I can’t answer that for everyone. What I can tell you is that this is one of few movies I am glad to have spent the money to see in the theater, and would gladly do again if I had the cash. Just don’t ask me to choose between Deadpool and Captain America. (Hell, I’m still torn between Cap and Tony in the whole Civil War plotline.) Deadpool’s storyline plays on sentimentality, to be sure. We’re given a character that is, on the surface, a smartass, who has a love for older music–thank you to those responsible for not shoving a bunch of current pop music down our throats–and has no desire whatsoever to be a hero even when his actions are heroic. Beneath that, he proves to be much more and makes you start to root for him not far into the movie.

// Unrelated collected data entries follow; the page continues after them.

(* Let $Y(0),Y(1)$ be integrable real-valued random variables, $\tau=Y(1)-Y(0)$, and $X$ a random vector with support $\mathcal{X}$. Each of the following two conditions implies that for all $x_1,x_2\in\mathcal{X}$, $$E[Y(0)|X=x_1]\geq E[Y(0)|X=x_2]\iff E[Y(1)|X=x_1]\geq E[Y(1)|X=x_2].$$ (a) For all $x_1,x_2\in\mathcal{X}$: $E[Y(0)|X=x_1]\geq E[Y(0)|X=x_2]\implies E[\tau|X=x_1]\geq E[\tau|X=x_2]$. (b) For all $x_1,x_2\in\mathcal{X}$: $|E[\tau|X=x_1]-E[\tau|X=x_2]|\leq|E[Y(0)|X=x_2]-E[Y(0)|X=x_1]|$, with strict inequality whenever the right-hand side is nonzero.
   Context: Conditional expectations $x\mapsto E[\cdot|X=x]$ are fixed functions on $\mathcal{X}$ (e.g. continuous versions), with $E[\tau|X=x]=E[Y(1)|X=x]-E[Y(0)|X=x]$. *)

theory Defs
  imports "HOL-Probability.Probability"
begin

definition rv_support :: "'w measure \<Rightarrow> ('w \<Rightarrow> 'x::metric_space) \<Rightarrow> 'x set" where
  "rv_support M X = {x. \<forall>e>0. measure M (X -` ball x e \<inter> space M) > 0}"

end

theory Submission
  imports Defs
begin

text \<open>Since \<open>m1 = m0 + mt\<close>, both conditions say that adding \<open>mt\<close> to \<open>m0\<close> can never reverse
  (or create) a strict order between two values of \<open>m0\<close>: under (a) because \<open>mt\<close> moves in the same
  direction as \<open>m0\<close>, under (b) because the change in \<open>mt\<close> is strictly smaller than the change in
  \<open>m0\<close> whenever the latter is nonzero.\<close>

lemma ge_iff_add_ge_if_comonotone:
  fixes a b s t :: "'a::linordered_ab_group_add"
  assumes "b \<le> a \<Longrightarrow> t \<le> s" and "a \<le> b \<Longrightarrow> s \<le> t"
  shows "b \<le> a \<longleftrightarrow> b + t \<le> a + s"
proof
  assume "b \<le> a"
  with assms(1) show "b + t \<le> a + s"
    by (simp add: add_mono)
next
  assume sum_le: "b + t \<le> a + s"
  show "b \<le> a"
  proof (rule ccontr)
    assume "\<not> b \<le> a"
    then have "a < b" by simp
    with assms(2) have "a + s < b + t"
      by (simp add: add_less_le_mono)
    with sum_le show False by simp
  qed
qed

lemma ge_iff_add_ge_if_dominated:
  fixes a b s t :: "'a::{linordered_ab_group_add, ordered_ab_group_add_abs}"
  assumes "\<bar>s - t\<bar> \<le> \<bar>b - a\<bar>" and "\<bar>b - a\<bar> \<noteq> 0 \<longrightarrow> \<bar>s - t\<bar> < \<bar>b - a\<bar>"
  shows "b \<le> a \<longleftrightarrow> b + t \<le> a + s"
proof
  assume "b \<le> a"
  then have "\<bar>b - a\<bar> = a - b"
    by (simp add: abs_minus_commute)
  moreover have "t - s \<le> \<bar>s - t\<bar>"
    by (metis abs_ge_minus_self minus_diff_eq)
  ultimately have "t - s \<le> a - b"
    using assms(1) by order
  then show "b + t \<le> a + s"
    by (simp add: algebra_simps le_diff_eq)
next
  assume sum_le: "b + t \<le> a + s"
  show "b \<le> a"
  proof (rule ccontr)
    assume "\<not> b \<le> a"
    then have "\<bar>b - a\<bar> = b - a" and "\<bar>b - a\<bar> \<noteq> 0"
      by simp_all
    with assms(2) have "\<bar>s - t\<bar> < b - a"
      by simp
    moreover have "s - t \<le> \<bar>s - t\<bar>"
      by (rule abs_ge_self)
    ultimately have "s - t < b - a"
      by order
    then have "a + s < b + t"
      by (simp add: algebra_simps less_diff_eq)
    with sum_le show False by simp
  qed
qed

theorem proposition1:
  fixes M :: "'w measure" and Y0 Y1 :: "'w \<Rightarrow> real"
    and X :: "'w \<Rightarrow> 'x::euclidean_space"
    and m0 m1 mt :: "'x \<Rightarrow> real"
  assumes "prob_space M"
    and "integrable M Y0" and "integrable M Y1"
    and "X \<in> borel_measurable M"
    and "m0 \<in> borel_measurable borel" and "m1 \<in> borel_measurable borel"
    and "AE \<omega> in M. m0 (X \<omega>) = real_cond_exp M (vimage_algebra (space M) X borel) Y0 \<omega>"
    and "AE \<omega> in M. m1 (X \<omega>) = real_cond_exp M (vimage_algebra (space M) X borel) Y1 \<omega>"
    and "\<And>x. mt x = m1 x - m0 x"
  shows "((\<forall>x1\<in>rv_support M X. \<forall>x2\<in>rv_support M X. m0 x1 \<ge> m0 x2 \<longrightarrow> mt x1 \<ge> mt x2)
            \<longrightarrow> (\<forall>x1\<in>rv_support M X. \<forall>x2\<in>rv_support M X. m0 x1 \<ge> m0 x2 \<longleftrightarrow> m1 x1 \<ge> m1 x2))
       \<and> ((\<forall>x1\<in>rv_support M X. \<forall>x2\<in>rv_support M X.
              \<bar>mt x1 - mt x2\<bar> \<le> \<bar>m0 x2 - m0 x1\<bar>
              \<and> (\<bar>m0 x2 - m0 x1\<bar> \<noteq> 0 \<longrightarrow> \<bar>mt x1 - mt x2\<bar> < \<bar>m0 x2 - m0 x1\<bar>))
            \<longrightarrow> (\<forall>x1\<in>rv_support M X. \<forall>x2\<in>rv_support M X. m0 x1 \<ge> m0 x2 \<longleftrightarrow> m1 x1 \<ge> m1 x2))"
proof -
  have m1_eq: "m1 x = m0 x + mt x" for x
    using assms(9) by simp
  show ?thesis
  proof (intro conjI impI ballI)
    fix x1 x2
    assume "\<forall>x1\<in>rv_support M X. \<forall>x2\<in>rv_support M X. m0 x1 \<ge> m0 x2 \<longrightarrow> mt x1 \<ge> mt x2"
      and "x1 \<in> rv_support M X" "x2 \<in> rv_support M X"
    then show "m0 x1 \<ge> m0 x2 \<longleftrightarrow> m1 x1 \<ge> m1 x2"
      unfolding m1_eq by (intro ge_iff_add_ge_if_comonotone) blast+
  next
    fix x1 x2
    assume "\<forall>x1\<in>rv_support M X. \<forall>x2\<in>rv_support M X.
              \<bar>mt x1 - mt x2\<bar> \<le> \<bar>m0 x2 - m0 x1\<bar>
              \<and> (\<bar>m0 x2 - m0 x1\<bar> \<noteq> 0 \<longrightarrow> \<bar>mt x1 - mt x2\<bar> < \<bar>m0 x2 - m0 x1\<bar>)"
      and "x1 \<in> rv_support M X" "x2 \<in> rv_support M X"
    then show "m0 x1 \<ge> m0 x2 \<longleftrightarrow> m1 x1 \<ge> m1 x2"
      unfolding m1_eq by (intro ge_iff_add_ge_if_dominated) blast+
  qed
qed

end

This is just his origin story. The sequel is already in the planning stages, and rumors are already circulating about an appearance by Cable, a.k.a. Nathan Summers, the timeline-hopping son of X-Man Scott Summers/Cyclops and Jean Grey’s clone Madelyne Pryor. Actor Stephen Lang (Avatar, Into The Badlands) has already begun lobbying to be cast for the role, and I think he would be absolutely perfect.

In summary: Well done, God’s Perfect Idiot, well done.

One Response to “Movie Review: Deadpool”

  1. Kathy McGilvray:
    March 5th, 2016 at 3:31 am

    Haven’t watched the movie yet, but from your critique, my interest is aroused! If you like it, I know I probably will myself! Very nicely written review!